**What the exercise asks**:
Find each line in the records below that contains the word "also", and copy it out.

(Items from a data source)
━━━━━━━━━━━━━━━━

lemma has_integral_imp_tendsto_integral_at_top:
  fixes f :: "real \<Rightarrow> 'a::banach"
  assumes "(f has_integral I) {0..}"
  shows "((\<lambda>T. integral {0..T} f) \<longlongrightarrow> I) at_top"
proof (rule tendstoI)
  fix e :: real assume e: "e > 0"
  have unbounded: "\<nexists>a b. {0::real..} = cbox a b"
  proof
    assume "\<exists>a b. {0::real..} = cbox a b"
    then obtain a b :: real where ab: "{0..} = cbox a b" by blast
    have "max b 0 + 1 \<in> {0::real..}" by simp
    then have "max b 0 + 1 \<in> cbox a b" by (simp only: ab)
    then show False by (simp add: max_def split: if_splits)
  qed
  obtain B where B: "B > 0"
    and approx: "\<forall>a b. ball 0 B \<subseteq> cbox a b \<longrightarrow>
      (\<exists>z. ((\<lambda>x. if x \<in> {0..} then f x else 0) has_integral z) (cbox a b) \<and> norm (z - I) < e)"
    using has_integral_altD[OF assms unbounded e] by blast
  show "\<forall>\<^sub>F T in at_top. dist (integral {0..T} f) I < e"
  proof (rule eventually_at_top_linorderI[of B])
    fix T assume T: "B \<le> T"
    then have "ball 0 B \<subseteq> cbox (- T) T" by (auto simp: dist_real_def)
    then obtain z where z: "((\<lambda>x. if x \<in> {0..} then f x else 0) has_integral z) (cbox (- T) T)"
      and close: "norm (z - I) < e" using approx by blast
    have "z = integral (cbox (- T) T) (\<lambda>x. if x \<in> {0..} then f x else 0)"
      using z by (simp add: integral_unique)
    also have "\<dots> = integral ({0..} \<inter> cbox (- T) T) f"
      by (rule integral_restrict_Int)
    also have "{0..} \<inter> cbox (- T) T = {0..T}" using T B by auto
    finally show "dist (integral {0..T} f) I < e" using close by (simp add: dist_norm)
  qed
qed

━━━━━━━━━━━━━━━━

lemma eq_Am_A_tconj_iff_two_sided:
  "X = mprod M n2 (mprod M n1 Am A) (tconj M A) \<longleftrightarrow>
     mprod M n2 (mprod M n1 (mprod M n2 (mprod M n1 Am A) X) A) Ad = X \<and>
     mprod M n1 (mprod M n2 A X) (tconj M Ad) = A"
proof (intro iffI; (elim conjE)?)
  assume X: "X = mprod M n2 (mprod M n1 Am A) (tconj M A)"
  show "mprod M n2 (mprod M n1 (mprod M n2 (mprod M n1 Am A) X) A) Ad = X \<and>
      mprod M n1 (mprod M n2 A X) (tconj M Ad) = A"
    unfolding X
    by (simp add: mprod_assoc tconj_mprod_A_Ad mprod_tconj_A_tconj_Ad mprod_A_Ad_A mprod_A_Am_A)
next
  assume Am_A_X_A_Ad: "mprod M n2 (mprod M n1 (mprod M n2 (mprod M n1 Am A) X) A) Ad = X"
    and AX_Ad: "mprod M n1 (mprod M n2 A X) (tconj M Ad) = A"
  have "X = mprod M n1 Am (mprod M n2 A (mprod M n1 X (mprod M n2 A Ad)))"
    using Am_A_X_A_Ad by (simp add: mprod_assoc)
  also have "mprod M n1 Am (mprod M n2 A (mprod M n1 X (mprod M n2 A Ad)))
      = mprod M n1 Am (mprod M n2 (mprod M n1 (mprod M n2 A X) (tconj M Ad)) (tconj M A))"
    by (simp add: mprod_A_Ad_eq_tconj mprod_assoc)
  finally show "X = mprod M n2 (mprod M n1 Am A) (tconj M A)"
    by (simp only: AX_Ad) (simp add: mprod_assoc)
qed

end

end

━━━━━━━━━━━━━━━━

**Exercise solution**:
    also have "\<dots> = integral ({0..} \<inter> cbox (- T) T) f"
    also have "{0..} \<inter> cbox (- T) T = {0..T}" using T B by auto
  also have "mprod M n1 Am (mprod M n2 A (mprod M n1 X (mprod M n2 A Ad)))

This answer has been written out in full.